Josh and his team design and apply novel algorithms to solve medically important problems in the life sciences. Within this area, his core interest is in designing algorithms to help discover new types of medicines and new uses for existing medicines. This work is currently being conducted in the context of several key collaborations and includes: high throughput screening analysis, machine learning and probabilistic inference, and experimental design using economic and decision theory.

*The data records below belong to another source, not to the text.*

lemma distinct_finite_ops: "distinct (map fst (finite_ops x \<tau> s N))"
proof -
  have "map fst (s_ops s) = map (Inl \<circ> fst) (zip [0..<length s] s)"
    by (simp add: s_ops_def o_def case_prod_beta)
  also have "\<dots> = map Inl [0..<length s]"
    by (metis length_upt minus_nat.diff_0 map_fst_zip map_map)
  finally have "map fst (s_ops s) = map Inl [0..<length s]" .
  moreover have "map fst (concat (map (\<lambda>T. L_ops x T (pair_starts N T)) [1..<Suc \<tau>]))
      = map Inr (concat (map (\<lambda>T. map (\<lambda>z. (z, T)) (pair_starts N T)) [1..<Suc \<tau>]))"
    by (simp add: L_ops_def map_concat o_def del: upt_Suc)
  moreover have "distinct (concat (map (\<lambda>T. map (\<lambda>z. (z, T)) (pair_starts N T)) [1..<Suc \<tau>]))"
    by (rule distinct_concat_map_pair) (simp_all add: pair_starts_def)
  ultimately show ?thesis
    unfolding finite_ops_def map_append by (auto simp: distinct_map simp del: upt_Suc)
qed

lemma valid_rates_finite_ops:
  assumes "0 \<le> q" "q \<le> 1"
    and "\<And>z T. 1 \<le> T \<Longrightarrow> T \<le> \<tau> \<Longrightarrow> z mod 2 = int T mod 2 \<Longrightarrow> 0 \<le> x z T \<and> x z T \<le> 1"
  shows "valid_rates q (map snd (finite_ops x \<tau> s N))"
  using assms by (auto simp: valid_rates_def finite_ops_def s_ops_def L_ops_def pair_starts_def set_zip)

lemma foldl_W_step_eq_run_swaps:
  "foldl (\<lambda>\<eta> (i, a). W_step q 1 a (Vvar w i) \<eta>) \<eta> xs = run_swaps q (map (\<lambda>(i, a). (Inl i, a, 1)) xs) w \<eta>"
  by (induction xs arbitrary: \<eta>) (auto simp: Vvar_def)

lemma process1_eq_L_steps:
  "process1 q x \<tau> s w = foldl (\<lambda>\<eta> T. L_step q x T (Uvar w) \<eta>) (run_swaps q (s_ops s) w id) [1..<Suc \<tau>]"
  by (simp add: process1_def foldl_W_step_eq_run_swaps s_ops_def id_def del: upt_Suc)

lemma process2_eq_run_swaps:
  "process2 q x \<tau> s w = run_swaps q (rev (s_ops s)) w (foldl (\<lambda>\<eta> T. L_step q x T (Uvar w) \<eta>) id (rev [1..<Suc \<tau>]))"
  by (simp add: process2_def foldl_W_step_eq_run_swaps s_ops_def rev_map id_def del: upt_Suc)

lemma process1_eq_on_window:
  "eq_on_window (N - int \<tau>) (process1 q x \<tau> s w) (run_swaps q (finite_ops x \<tau> s N) w id)"
proof -
  have "eq_on_window (N - int \<tau>) (foldl (\<lambda>\<eta> T. L_step q x T (Uvar w) \<eta>) (run_swaps q (s_ops s) w id) [1..<Suc \<tau>])
      (run_swaps q (concat (map (\<lambda>T. L_ops x T (pair_starts N T)) [1..<Suc \<tau>])) w (run_swaps q (s_ops s) w id))"
    by (rule eq_on_window_L_steps[where N = N]) (simp_all add: covers_pair_starts)
  then show ?thesis
    by (simp add: process1_eq_L_steps finite_ops_def run_swaps_append del: upt_Suc)
qed

lemma rev_finite_ops:
  "rev (finite_ops x \<tau> s N) =
     concat (map (\<lambda>T. L_ops x T (rev (pair_starts N T))) (rev [1..<Suc \<tau>])) @ rev (s_ops s)"
  by (simp add: finite_ops_def rev_concat rev_map L_ops_def o_def)

lemma process2_eq_on_window:
  "eq_on_window (N - int \<tau> - int (length s)) (process2 q x \<tau> s w) (run_swaps q (rev (finite_ops x \<tau> s N)) w id)"
proof -
  let ?L = "foldl (\<lambda>\<eta> T. L_step q x T (Uvar w) \<eta>) id (rev [1..<Suc \<tau>])"
  let ?F = "run_swaps q (concat (map (\<lambda>T. L_ops x T (rev (pair_starts N T))) (rev [1..<Suc \<tau>]))) w id"
  have "eq_on_window (N - int \<tau>) ?L ?F"
    by (rule eq_on_window_L_steps[where N = N]) (simp_all add: covers_rev_pair_starts)
  then have "eq_on_window (N - int \<tau> - int (length s)) (run_swaps q (rev (s_ops s)) w ?L) (run_swaps q (rev (s_ops s)) w ?F)"
    by (intro eq_on_window_run_swaps) (simp add: s_ops_def)
  then show ?thesis
    by (simp add: process2_eq_run_swaps rev_finite_ops run_swaps_append del: upt_Suc)
qed

section \<open>Bijectivity and bounded displacement\<close>

definition bounded_perm :: "int \<Rightarrow> (int \<Rightarrow> int) \<Rightarrow> bool" where
  "bounded_perm d \<sigma> \<longleftrightarrow> bij \<sigma> \<and> (\<forall>y. \<bar>\<sigma> y - y\<bar> \<le> d)"
(* Let $f:[0,\infty)\to\mathbb{R}$ be a continuous superquadratic function and $\Phi:\mathbb{M}_n\to\mathbb{M}_m$ a unital positive linear map. Then for every positive semidefinite $A\in\mathbb{M}_n^+$, $$\mathrm{Tr}\, f(\Phi(A))\le \mathrm{Tr}\,\Phi(f(A))-\min\left\{\sum_{j=1}^{m}\Big\langle \Phi\big(f(|A-\langle\Phi(A)\mathbf{u}_j,\mathbf{u}_j\rangle I|)\big)\mathbf{u}_j,\mathbf{u}_j\Big\rangle\right\},$$ where the minimum is taken over all orthonormal bases $\{\mathbf{u}_1,\dots,\mathbf{u}_m\}$ of $\mathbb{C}^m$.
   Context: A function $f:[0,\infty)\to\mathbb{R}$ is called superquadratic if for every $s\ge 0$ there exists a constant $C_s\in\mathbb{R}$ such that $f(t)\ge f(s)+C_s(t-s)+f(|t-s|)$ for all $t\ge0$. A linear map $\Phi$ is positive if it maps positive semidefinite matrices to positive semidefinite matrices and unital if $\Phi(I)=I$. $f(X)$ is defined by the spectral functional calculus, $|X|=(X^*X)^{1/2}$, $\langle\cdot,\cdot\rangle$ is the standard inner product, and $\mathrm{Tr}$ is the usual matrix trace. *)

theory Defs
  imports "HOL-Analysis.Analysis"
begin

text \<open>Complex square matrices of size n are modelled as complex^'n^'n, 'n a finite type
  with CARD('n) = n.\<close>

definition cinner :: "complex^'n \<Rightarrow> complex^'n \<Rightarrow> complex" where
  "cinner x y = (\<Sum>i\<in>UNIV. x$i * cnj (y$i))"

definition adj :: "complex^'n^'m \<Rightarrow> complex^'m^'n" where
  "adj A = (\<chi> i j. cnj (A$j$i))"

definition cscale :: "complex \<Rightarrow> complex^'n^'m \<Rightarrow> complex^'n^'m" where
  "cscale c A = (\<chi> i j. c * A$i$j)"

definition hermitian :: "complex^'n^'n \<Rightarrow> bool" where
  "hermitian A \<longleftrightarrow> adj A = A"
(* Let $V,V'$ be finite-dimensional complex vector spaces, $G\subset GL(V)$, $G'\subset GL(V')$ finite, and $F:V\to V'$ a holomorphic diffeomorphism mapping $G$-orbits onto $G'$-orbits. Let $f:Z=V/G\to Z'=V'/G'$ be the induced holomorphic diffeomorphism of orbit spaces. Then $f$ maps the isotropy type stratification of $Z$ onto that of $Z'$, and $f_*(D_Z)=D_{Z'}$.
   Context: Orbit spaces $V/G$ carry the quotient topology and the sheaf of $G$-invariant holomorphic functions; a holomorphic diffeomorphism of orbit spaces is an isomorphism of these locally ringed spaces. Isotropy type stratification: strata $Z_{(K)}=\pi(V_{(K)})$ where $V_{(K)}$ is the set of points whose isotropy group is conjugate to $K\subset G$. Reflection divisor: for each reflection hyperplane $H$ (fixed hyperplane of a complex reflection in $G$) let $e_H$ be the order of its pointwise stabiliser in $G$; $D_Z=\sum_S e_S\cdot S$, summed over the distinct hypersurfaces $S=\pi(H)$, with $e_S:=e_H$ (independent of $H$). *)

theory Defs
  imports "HOL-Analysis.Analysis"
begin

definition finite_linear_group :: "(complex^'n^'n) set \<Rightarrow> bool" where
  "finite_linear_group G \<longleftrightarrow> finite G \<and> mat 1 \<in> G \<and>
     (\<forall>A\<in>G. invertible A \<and> matrix_inv A \<in> G) \<and> (\<forall>A\<in>G. \<forall>B\<in>G. A ** B \<in> G)"

definition orbit :: "(complex^'n^'n) set \<Rightarrow> complex^'n \<Rightarrow> (complex^'n) set" where
  "orbit G v = (\<lambda>A. A *v v) ` G"

text \<open>The orbit space Z = V/G as the set of orbits; the quotient map is orbit G.\<close>
definition orbit_space :: "(complex^'n^'n) set \<Rightarrow> (complex^'n) set set" where
  "orbit_space G = range (orbit G)"

definition isotropy :: "(complex^'n^'n) set \<Rightarrow> complex^'n \<Rightarrow> (complex^'n^'n) set" where
  "isotropy G v = {A\<in>G. A *v v = v}"

definition conjugate_in :: "(complex^'n^'n) set \<Rightarrow> (complex^'n^'n) set \<Rightarrow> (complex^'n^'n) set \<Rightarrow> bool" where
  "conjugate_in G K L \<longleftrightarrow> (\<exists>g\<in>G. L = (\<lambda>A. g ** A ** matrix_inv g) ` K)"

definition iso_type_set :: "(complex^'n^'n) set \<Rightarrow> (complex^'n^'n) set \<Rightarrow> (complex^'n) set" where
  "iso_type_set G K = {v. conjugate_in G K (isotropy G v)}"

definition stratum :: "(complex^'n^'n) set \<Rightarrow> (complex^'n^'n) set \<Rightarrow> (complex^'n) set set" where
  "stratum G K = orbit G ` iso_type_set G K"

definition strata :: "(complex^'n^'n) set \<Rightarrow> (complex^'n) set set set" where
  "strata G = {stratum G K | K. K \<subseteq> G \<and> iso_type_set G K \<noteq> {}}"

definition complex_hyperplane :: "(complex^'n) set \<Rightarrow> bool" where
  "complex_hyperplane H \<longleftrightarrow> (\<exists>a::complex^'n. a \<noteq> 0 \<and> H = {v. (\<Sum>i\<in>UNIV. a$i * v$i) = 0})"

definition complex_reflection :: "(complex^'n^'n) set \<Rightarrow> complex^'n^'n \<Rightarrow> bool" where
  "complex_reflection G g \<longleftrightarrow> g \<in> G \<and> g \<noteq> mat 1 \<and> complex_hyperplane {v. g *v v = v}"

definition reflection_hyperplane :: "(complex^'n^'n) set \<Rightarrow> (complex^'n) set \<Rightarrow> bool" where
  "reflection_hyperplane G H \<longleftrightarrow> (\<exists>g. complex_reflection G g \<and> H = {v. g *v v = v})"

definition pointwise_stabiliser :: "(complex^'n^'n) set \<Rightarrow> (complex^'n) set \<Rightarrow> (complex^'n^'n) set" where
  "pointwise_stabiliser G H = {A\<in>G. \<forall>v\<in>H. A *v v = v}"

text \<open>Reflection divisor D_Z = \<Sum> e_S S, as a function from hypersurfaces of Z
  (sets of orbits) to multiplicities; e_S = e_H for any H with \<pi>(H) = S.\<close>
definition reflection_divisor :: "(complex^'n^'n) set \<Rightarrow> (complex^'n) set set \<Rightarrow> nat" where
  "reflection_divisor G S =
     (if \<exists>H. reflection_hyperplane G H \<and> S = orbit G ` H
      then card (pointwise_stabiliser G (SOME H. reflection_hyperplane G H \<and> S = orbit G ` H))
      else 0)"

definition divisor_pushforward :: "('a set \<Rightarrow> 'b set) \<Rightarrow> ('a set set \<Rightarrow> nat) \<Rightarrow> ('b set set \<Rightarrow> nat)" where
  "divisor_pushforward f D = (\<lambda>S'. \<Sum>S\<in>{S. D S \<noteq> 0 \<and> f ` S = S'}. D S)"

definition holomorphic_map :: "(complex^'n \<Rightarrow> complex^'m) \<Rightarrow> bool" where
  "holomorphic_map F \<longleftrightarrow> (\<forall>x. \<exists>L. (F has_derivative L) (at x) \<and> (\<forall>c v. L (c *s v) = c *s L v))"

definition holomorphic_diffeo :: "(complex^'n \<Rightarrow> complex^'m) \<Rightarrow> bool" where
  "holomorphic_diffeo F \<longleftrightarrow> bij F \<and> holomorphic_map F \<and> holomorphic_map (inv F)"

text \<open>The induced map of orbit spaces f(\<pi> v) = \<pi>'(F v), i.e. an orbit O is sent to F ` O.\<close>
definition induced_map :: "(complex^'n \<Rightarrow> complex^'m) \<Rightarrow> (complex^'n) set \<Rightarrow> (complex^'m) set" where
  "induced_map F X = F ` X"

end

theory Submission
  imports Defs
begin
(* Let $k\ge0$, $n\ge k+4$ and let $Z$ be a positive $n\times(k+4)$ matrix. Then there is an open neighborhood $B\subset\mathrm{Gr}_{k,n;1}$ of $\mathrm{Gr}^{\ge}_{k,n;1}$ such that the formula $(U,W)\mapsto(UZ,WZ)$ defines a smooth submersion $B\to\mathrm{Gr}_{k,k+4;1}$, extending the amplituhedron map on $\mathrm{Gr}^{\ge}_{k,n;1}$.
   Context: For $m\ge k+2$, $\mathrm{Gr}_{k,m;1}$ denotes the two-step flag variety of pairs $(U,W)$ of subspaces $U\subset W\subset\mathbb{R}^m$ with $\dim U=k$, $\dim W=k+2$. A representative of $(U,W)\in\mathrm{Gr}_{k,n;1}$ is a pair $(C;D)$ with $C$ a $k\times n$ matrix with row span $U$ and $D$ a $2\times n$ matrix such that rows of $C$ and $D$ together span $W$; $[D;C]$ is the $(k+2)\times n$ matrix with the rows of $D$ above those of $C$. $\mathrm{Gr}^{\ge}_{k,n;1}$ is the set of $(U,W)$ having a representative with all maximal minors of $C$ and of $[D;C]$ nonnegative. $Z$ positive means all maximal minors of the $n\times(k+4)$ matrix $Z$ are positive. Here $UZ=\{uZ: u\in U\}$ and similarly for $WZ$. *)

theory Defs
  imports "HOL-Analysis.Analysis" "HOL-Combinatorics.Permutations"
begin

text \<open>Matrices are functions nat => nat => real; an r x c matrix is one whose
entries vanish outside the index range {..<r} x {..<c}.\<close>

type_synonym rmat = "nat \<Rightarrow> nat \<Rightarrow> real"

definition is_mat :: "nat \<Rightarrow> nat \<Rightarrow> rmat \<Rightarrow> bool" where
  "is_mat r c A \<longleftrightarrow> (\<forall>i j. (r \<le> i \<or> c \<le> j) \<longrightarrow> A i j = 0)"

definition det_sq :: "nat \<Rightarrow> rmat \<Rightarrow> real" where
  "det_sq m A = (\<Sum>p | p permutes {..<m}. of_int (sign p) * (\<Prod>i<m. A i (p i)))"
lemma cost_tangent:
  assumes "x \<in> rint S" and "y \<in> S"
  shows "cost c x + (c + gh x) \<bullet> (y - x) \<le> cost c y"
proof -
  have "h x + gh x \<bullet> (y - x) \<le> h y"
    using convex_on_above_tangent_plane[OF strict_convex_on_imp_convex_on[OF S_convex h_strict_convex]
        _ assms(2) gh_deriv[OF assms(1)]] assms(1) rint_subset by blast
  then show ?thesis by (simp add: cost_def inner_add_left inner_diff_right)
qed

lemma S_nonempty: "S \<noteq> {}"
  using rint_nonempty rint_subset by blast

lemma S_bounded_norm: obtains B where "\<And>y. y \<in> S \<Longrightarrow> norm y \<le> B"
  using compact_imp_bounded[OF S_compact] unfolding bounded_iff by blast

text \<open>Bounded below: the tangent plane at an interior point minorises the cost on the bounded
  set \<open>S\<close>.\<close>
lemma cost_bounded_below: "bdd_below (cost c ` S)"
proof -
  obtain x0 where x0: "x0 \<in> rint S" using rint_nonempty by blast
  then have x0S: "x0 \<in> S" using rint_subset by blast
  obtain B where B: "\<And>y. y \<in> S \<Longrightarrow> norm y \<le> B" using S_bounded_norm by blast
  have "cost c x0 - norm (c + gh x0) * (2 * B) \<le> cost c y" if y: "y \<in> S" for y
  proof -
    have "norm (y - x0) \<le> 2 * B" using B[OF y] B[OF x0S] norm_triangle_ineq4[of y x0] by linarith
    then have "- ((c + gh x0) \<bullet> (y - x0)) \<le> norm (c + gh x0) * (2 * B)"
      using norm_cauchy_schwarz[of "c + gh x0" "x0 - y"]
      by (smt (verit) inner_diff_right mult_left_mono norm_ge_zero norm_minus_commute)
    then show ?thesis using cost_tangent[where c=c, OF x0 y] by linarith
  qed
  then show ?thesis by (auto intro!: bdd_belowI2)
qed
definition fprod :: "('o, 'm) cartcat \<Rightarrow> 'o \<Rightarrow> 'o \<Rightarrow> 'm \<Rightarrow> 'm \<Rightarrow> 'm" where
  "fprod C A B f g = tup C (cmp C f (pr1 C A B)) (cmp C g (pr2 C A B))"

definition diag :: "('o, 'm) cartcat \<Rightarrow> 'o \<Rightarrow> 'm" where
  "diag C A = tup C (idt C A) (idt C A)"

definition assoc :: "('o, 'm) cartcat \<Rightarrow> 'o \<Rightarrow> 'o \<Rightarrow> 'o \<Rightarrow> 'm" where
  "assoc C A B E = tup C (cmp C (pr1 C A B) (pr1 C (prd C A B) E))
     (tup C (cmp C (pr2 C A B) (pr1 C (prd C A B) E)) (pr2 C (prd C A B) E))"

definition swap :: "('o, 'm) cartcat \<Rightarrow> 'o \<Rightarrow> 'o \<Rightarrow> 'm" where
  "swap C A B = tup C (pr2 C A B) (pr1 C A B)"

primrec opow :: "('o, 'm) cartcat \<Rightarrow> 'o \<Rightarrow> nat \<Rightarrow> 'o" where
  "opow C X 0 = one C"
| "opow C X (Suc n) = prd C (opow C X n) X"

primrec ndiag :: "('o, 'm) cartcat \<Rightarrow> 'o \<Rightarrow> nat \<Rightarrow> 'm" where
  "ndiag C X 0 = bang C X"
| "ndiag C X (Suc n) = tup C (ndiag C X n) (idt C X)"

record ('o, 'm) cmonad =
  Tob   :: "'o \<Rightarrow> 'o"
  Tar   :: "'m \<Rightarrow> 'm"
  eta   :: "'o \<Rightarrow> 'm"
  mu    :: "'o \<Rightarrow> 'm"
  nabla :: "'o \<Rightarrow> 'o \<Rightarrow> 'm"

definition is_monad :: "('o, 'm) cartcat \<Rightarrow> ('o, 'm) cmonad \<Rightarrow> bool" where
  "is_monad C M \<longleftrightarrow>
     (\<forall>A\<in>Ob C. Tob M A \<in> Ob C) \<and>
     (\<forall>A B f. f \<in> Hom C A B \<longrightarrow> Tar M f \<in> Hom C (Tob M A) (Tob M B)) \<and>
     (\<forall>A\<in>Ob C. Tar M (idt C A) = idt C (Tob M A)) \<and>
     (\<forall>A B E f g. f \<in> Hom C A B \<longrightarrow> g \<in> Hom C B E \<longrightarrow>
         Tar M (cmp C g f) = cmp C (Tar M g) (Tar M f)) \<and>
     (\<forall>A\<in>Ob C. eta M A \<in> Hom C A (Tob M A)) \<and>
     (\<forall>A\<in>Ob C. mu M A \<in> Hom C (Tob M (Tob M A)) (Tob M A)) \<and>
     (\<forall>A B f. f \<in> Hom C A B \<longrightarrow> cmp C (Tar M f) (eta M A) = cmp C (eta M B) f) \<and>
     (\<forall>A B f. f \<in> Hom C A B \<longrightarrow>
         cmp C (Tar M f) (mu M A) = cmp C (mu M B) (Tar M (Tar M f))) \<and>
     (\<forall>A\<in>Ob C. cmp C (mu M A) (eta M (Tob M A)) = idt C (Tob M A)) \<and>
     (\<forall>A\<in>Ob C. cmp C (mu M A) (Tar M (eta M A)) = idt C (Tob M A)) \<and>
     (\<forall>A\<in>Ob C. cmp C (mu M A) (Tar M (mu M A)) = cmp C (mu M A) (mu M (Tob M A)))"
lemma closedP_openP:
  assumes wf: "wfN ar [] (Sm f)" and cl: "closedN (Sm f)"
    and Ns: "length Ns = ar a" "\<forall>N\<in>set Ns. closedN N"
  shows "closedP (openP Ns (f a))"
  unfolding openP_open_subst
proof (rule closedP_substP)
  fix e w assume o: "occP e w (f a)"
  have wfa: "Defs.wfP ar [ar a] (f a)" using wf by (auto elim: wfN_SmE)
  have "outer_var (Suc e) w = None" using o cl by (auto simp: closedN_iff_occ)
  then obtain k l where w: "w = Bd k l" "k \<le> e" by (cases w) (auto split: if_splits)
  then have "k = e \<Longrightarrow> l < ar a" using wf_occ_Bd(1)[OF o[unfolded w(1)] wfa] by simp
  then show "case open_subst Ns e w of None \<Rightarrow> outer_var e w = None | Some M \<Rightarrow> closedN M"
    using w Ns by (auto simp: open_subst_def)
qed

lemma fsubstP_openP_vars:
  assumes cl: "closedN (Sm f)" and dom: "set xs \<subseteq> dom \<sigma>"
  shows "fsubstP \<sigma> (openP (map (\<lambda>x. Vr (Fr x)) xs) (f a)) = openP (map (\<lambda>x. the (\<sigma> x)) xs) (f a)"
  unfolding fsubstP_def openP_open_subst
proof (rule substP_comp)
  have "\<forall>l<length xs. \<exists>M. \<sigma> (xs ! l) = Some M" using dom by (auto dest!: nth_mem)
  moreover fix e w assume "occP e w (f a)"
  ultimately show "substN (\<lambda>d v. case v of Fr x \<Rightarrow> \<sigma> x | Bd k l \<Rightarrow> None) (0 + e)
      (substN (open_subst (map (\<lambda>x. Vr (Fr x)) xs)) (0 + e) (Vr w))
    = substN (open_subst (map (\<lambda>x. the (\<sigma> x)) xs)) (0 + e) (Vr w)"
    using closedN_Sm_no_Fr[OF cl] dom by (cases w) (auto simp: open_subst_def)
qed

section \<open>Counter-designs\<close>

definition bind_subst :: "nat \<Rightarrow> nat \<Rightarrow> nat \<Rightarrow> bvar \<Rightarrow> 'n neg option" where
  "bind_subst y l = (\<lambda>d v. if v = Fr y then Some (Vr (Bd d l)) else None)"

lemma bindP_bind_subst: "bindP y l = substP (bind_subst y l) 0"
  by (simp add: bindP_def bind_subst_def)

lemma renaming_bind_subst: "renaming (bind_subst y l)"
  by (auto simp: renaming_def bind_subst_def)

lemma renamed_var_bind_subst: "renamed_var (bind_subst y l) D w = (if w = Fr y then Bd D l else w)"
  by (auto simp: renamed_var_def bind_subst_def)

lemma wfP_bindP:
  assumes "Defs.wfP ar [] Q" "l < n"
  shows "Defs.wfP ar [n] (bindP y l Q)"
  unfolding bindP_bind_subst
proof (rule wfP_substP[where c = "[]"])
  fix c0 w assume w: "wfN ar (c0 @ []) (Vr w)"
  show "wfN ar (c0 @ [n]) (substN (bind_subst y l) (length c0) (Vr w))"
  proof (cases w)
    case (Bd k l')
    with w have "k < length c0" "l' < c0 ! k" by (auto elim: wfN_VrE)
    then show ?thesis using Bd by (auto simp: bind_subst_def nth_append intro!: wfP_wfN.intros)
  qed (use assms(2) in \<open>auto simp: bind_subst_def intro!: wfP_wfN.intros\<close>)
qed (rule assms(1))

(* Binding renames Fr y, seen at depth e, to Bd e l; by well-formedness Bd e l does not occur
   there yet. *)
lemma nodes_bindP:
  fixes Q :: "'n pos"
  assumes std: "standardP ar Q" and sub: "psubP (Act N' b Ms') (bindP y l Q)"
  shows "node_cutfree N' b Ms' \<and> node_noid N' b Ms' \<and> node_linear N' b Ms'"
proof (rule nodes_substP_renaming[OF renaming_bind_subst])
  show "psubP (Act N' b Ms') (substP (bind_subst y l) 0 Q)"
    using sub by (simp add: bindP_bind_subst)
next
  fix N b Ms assume "psubP (Act N b Ms) Q"
  then show "node_cutfree N b Ms \<and> node_noid N b Ms \<and> node_linear N b Ms"
    using std unfolding standardP_def nodes_ok_def by blast
next
  fix e
  let ?h = "\<lambda>u. if u = Fr y then Bd e l else u"
  let ?V = "vars_at_depth e Q"
  have wf: "Defs.wfP ar [] Q" using std by (simp add: standardP_def)
  have "Bd e l \<notin> ?V"
    unfolding vars_at_depth_def
  proof clarify
    fix e' w assume o: "occP (e + e') w Q" and "outer_var e' w = Some (Bd e l)"
    then obtain k where "w = Bd k l" "k = e + e'" by (cases w) (auto split: if_splits)
    then show False using wfP_Nil_occ_Bd[OF wf] o by blast
  qed
  then have "inj_on ?h ?V"
    by (auto simp: inj_on_def)
  moreover have "outer_var e' (renamed_var (bind_subst y l) (e + e') w) = map_option ?h (outer_var e' w)"
    for e' w by (cases w) (auto simp: renamed_var_bind_subst)
  ultimately show "\<exists>h. inj_on h ?V \<and> (\<forall>e' w. occP (e + e') w Q \<longrightarrow>
      outer_var e' (renamed_var (bind_subst y l) (e + e') w) = map_option h (outer_var e' w))"
    by blast
qed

Finding new uses for existing medicines—drug “repurposing” or “repositioning”—has emerged as an attractive strategy for rescuing stalled pharmaceutical projects, finding therapies for neglected diseases, and reducing the time, cost and risk of drug development. At the same time that repurposing emerged as a drug development strategy, the data from hundreds of high-throughput screens (HTS)—the type of data once locked away in proprietary industry databases—became freely available to all. Small-molecule HTS, however, often misses active molecules because HTS projects are noisy and too narrow. Furthermore, it is difficult to mine public HTS repositories because HTS data is unorganized and its structure undocumented. In order to inform repurposing efforts with information from public screening data, Josh and his lab aim to reduce the number of missed active molecules in small-molecule HTS projects, to organize public HTS data by inferring and displaying their workflows, to identify known drugs likely to be active in the assays of public HTS projects, and to identify the pathways that modulate medically relevant phenotypes.